A workload of this magnitude cannot help but affect my relationships with others around me: I see far less of my friends than I would like, but it is a sacrifice that has to be made. Similarly, it also affects the relationships I have with the people I care for most, namely my with my family and Himself. Surprisingly, the day-to-day relationship I have with my mother has actually improved; presumably because I am not 'constantly underfoot,' as she would put it, and messing up the house. However, I know she worries far more because she sees less of me. I don't get to see Himself anywhere near as much as I would like; I wanted to see him this coming weekend, but my workload prevents it. Thankfully he's an understandng guy, but I won't pretend that it isn't difficult on both of us sometimes. The course will, hopefully, teach me to strike the optimum balance between my personal and professional life, enabling me to perform the the best of my abilities while appreciating the times I am not working; however, this ideal equilibrium often remains elusive.
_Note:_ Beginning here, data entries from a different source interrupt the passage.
(* Let $S$ ($n\times n$, invertible), $U$ ($m\times n$), $V$ ($n\times m$) be complex matrices and $K$ an $n\times n$ matrix solving $S^{-1}K-KS=VU$. Then, with $\Xi=S^xe^{-t(S-S^{-1})}$ ($x\in\mathbb{Z}$, $t\in\mathbb{R}$), $$\mathcal{V}=-U\big(I+(\Xi K)^2\big)^{-1}\Xi V$$ (wherever the inverse exists) solves the $m\times m$ matrix semi-discrete modified KdV equation $\dot{\mathcal{V}}+\mathcal{V}^+(I+\mathcal{V}^2)-(I+\mathcal{V}^2)\mathcal{V}^-=0$.
   Context: $\mathcal{V}^\pm(x,t)=\mathcal{V}(x\pm1,t)$, $\dot{\mathcal{V}}=\partial_t\mathcal{V}$, $I=I_m$ in the equation and $I=I_n$ in the formula for $\mathcal{V}$. *)

theory Defs
  imports "HOL-Analysis.Analysis"
begin

primrec mat_pow :: "'a::comm_ring_1 ^'n^'n \<Rightarrow> nat \<Rightarrow> 'a^'n^'n" where
  "mat_pow A 0 = mat 1"
| "mat_pow A (Suc k) = A ** mat_pow A k"

definition mat_zpow :: "'a::field ^'n^'n \<Rightarrow> int \<Rightarrow> 'a^'n^'n" where
  "mat_zpow A x = (if 0 \<le> x then mat_pow A (nat x) else mat_pow (matrix_inv A) (nat (- x)))"

definition mat_exp :: "complex^'n^'n \<Rightarrow> complex^'n^'n" where
  "mat_exp A = (\<Sum>k. (1 / fact k) *\<^sub>R mat_pow A k)"

definition Xi :: "complex^'n^'n \<Rightarrow> int \<Rightarrow> real \<Rightarrow> complex^'n^'n" where
  "Xi S x t = mat_zpow S x ** mat_exp ((- t) *\<^sub>R (S - matrix_inv S))"

definition calV :: "complex^'n^'n \<Rightarrow> complex^'n^'m \<Rightarrow> complex^'m^'n \<Rightarrow> complex^'n^'n
    \<Rightarrow> int \<Rightarrow> real \<Rightarrow> complex^'m^'m" where
  "calV S U V K x t = - (U ** matrix_inv (mat 1 + (Xi S x t ** K) ** (Xi S x t ** K)) ** Xi S x t ** V)"

end

theory Submission
  imports Defs
begin

text \<open>
  Write \<open>X = Xi S x t\<close>, \<open>M = X K\<close>, \<open>P = X V\<close>, \<open>G = (I + M\<^sup>2)\<inverse>\<close>
  and \<open>T = S - S\<inverse>\<close>.  Since \<open>X\<close> commutes with \<open>S\<close> and \<open>S\<inverse>\<close>, the equation
  \<open>S\<inverse>K - KS = VU\<close> becomes \<open>S\<inverse>M - MS = PU\<close>, and the lattice shifts act by
  \<open>Xi S (x \<plusminus> 1) t = S\<^sup>\<plusminus>\<^sup>1 X\<close>.  Differentiating \<open>calV = -U G P\<close> with
  \<open>\<partial>\<^sub>t X = -T X\<close> and \<open>\<partial>(A\<inverse>) = -A\<inverse> (\<partial>A) A\<inverse>\<close> gives
  \<open>\<partial>\<^sub>t calV = U G T P - U G (M T M + T M M) G P\<close>.  The theorem thus reduces to
  a purely algebraic identity in a matrix ring, proved by factorising
  \<open>I + calV\<^sup>2 = (I - U M G S P)(I + U S\<inverse> M G P)\<close> and expressing the shifted
  resolvents through \<open>G\<close>.
\<close>

lemma matrix_add_rdistrib: "(A + B) ** C = A ** C + B ** (C::'a::semiring_1^'p^'n)"
  by (simp add: vec_eq_iff matrix_matrix_mult_def sum.distrib algebra_simps)

lemma matrix_diff_ldistrib: "C ** (A - B) = C ** A - C ** (B::'a::ring_1^'p^'n)"
  by (simp add: vec_eq_iff matrix_matrix_mult_def sum_subtractf algebra_simps)

lemma matrix_diff_rdistrib: "(A - B) ** C = A ** C - B ** (C::'a::ring_1^'p^'n)"
  by (simp add: vec_eq_iff matrix_matrix_mult_def sum_subtractf algebra_simps)

lemma matrix_neg_left: "(- A) ** C = - (A ** (C::'a::ring_1^'p^'n))"
  by (simp add: vec_eq_iff matrix_matrix_mult_def sum_negf)

lemma matrix_neg_right: "C ** (- A) = - (C ** (A::'a::ring_1^'p^'n))"
  by (simp add: vec_eq_iff matrix_matrix_mult_def sum_negf)

text \<open>
  Normal form for matrix-ring expressions: products associated to the left, sums multiplied
  out.
\<close>

lemmas matrix_ring_simps = matrix_mul_assoc matrix_add_ldistrib matrix_add_rdistrib
  matrix_diff_ldistrib matrix_diff_rdistrib matrix_neg_left matrix_neg_right

text \<open>
  Rewrite a product \<open>A B\<close> (or \<open>A B C\<close>) occurring at the end of a
  left-associated product; this lets equations be used as rewrite rules on the normal form.
\<close>

lemma matrix_mul_rewrite_tail2: "A ** B = D \<Longrightarrow> Z ** A ** B = Z ** D"
  by (metis matrix_mul_assoc)

lemma matrix_mul_rewrite_tail3: "A ** B ** C = D \<Longrightarrow> Z ** A ** B ** C = Z ** D"
  by (metis matrix_mul_assoc)

lemma bounded_bilinear_matrix_mult:
  "bounded_bilinear ((**) :: 'a::{real_normed_algebra_1,euclidean_space}^'n^'m \<Rightarrow> 'a^'p^'n \<Rightarrow> 'a^'p^'m)"
proof -
  have "bilinear ((**) :: 'a^'n^'m \<Rightarrow> 'a^'p^'n \<Rightarrow> 'a^'p^'m)"
    unfolding bilinear_def
    by (auto intro!: linearI simp: matrix_add_ldistrib matrix_add_rdistrib scalar_matrix_assoc matrix_scalar_ac)
  then show ?thesis using bilinear_conv_bounded_bilinear by blast
qed

lemma matrix_inv_left_right:
  assumes "invertible (A::'a::semiring_1^'n^'m)"
  shows "A ** matrix_inv A = mat 1" "matrix_inv A ** A = mat 1"
  using someI_ex[OF assms[unfolded invertible_def]] unfolding matrix_inv_def by auto

lemma matrix_inv_difference:
  fixes A B :: "'a::field^'n^'n"
  assumes "invertible A" "invertible B"
  shows "matrix_inv A - matrix_inv B = - (matrix_inv A ** (A - B) ** matrix_inv B)"
  using matrix_inv_left_right[OF assms(1)] matrix_inv_left_right[OF assms(2)]
  by (simp add: matrix_diff_ldistrib matrix_diff_rdistrib flip: matrix_mul_assoc)

lemma inverse_commute:
  fixes A G M :: "'a::comm_ring_1^'n^'n"
  assumes "G ** A = mat 1" "A ** G = mat 1" "M ** A = A ** M"
  shows "M ** G = G ** M"
proof -
  have "G ** M = G ** M ** (A ** G)" by (simp add: assms(2))
  also have "\<dots> = G ** (M ** A) ** G" by (simp add: matrix_mul_assoc)
  also have "\<dots> = (G ** A) ** M ** G" by (simp add: assms(3) matrix_mul_assoc)
  also have "\<dots> = M ** G" by (simp add: assms(1))
  finally show ?thesis by simp
qed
I assume that it is because I am a medic that causes people to believe I can fix all problems. Certainly we are supposed to demonstrate a level head during a crisis, but my flatmates persist in beliving that my function is to solve their difficulties. However, while I find it time-consuming and frustrating to have to run around after people who really should know better, I also know that I would be saddened, and perhaps even hurt if they felt they could not ask for my assistance, and am scintilated by my involvement in their lives. It would be fair to say that I, and perhaps others in this profession, are driven by a 'Messiah Complex;' a deep need to 'save' people. While I believe that to some extent that this is a healthy thing (indeed - I do not even wish to contemplate the possiblilty of doctors who do not wish to save their patients), I am concerned that this desire, this need, if you will, is inextricably linked to my self-esteem. What will happen to me what I encounter a patient who cannot be saved?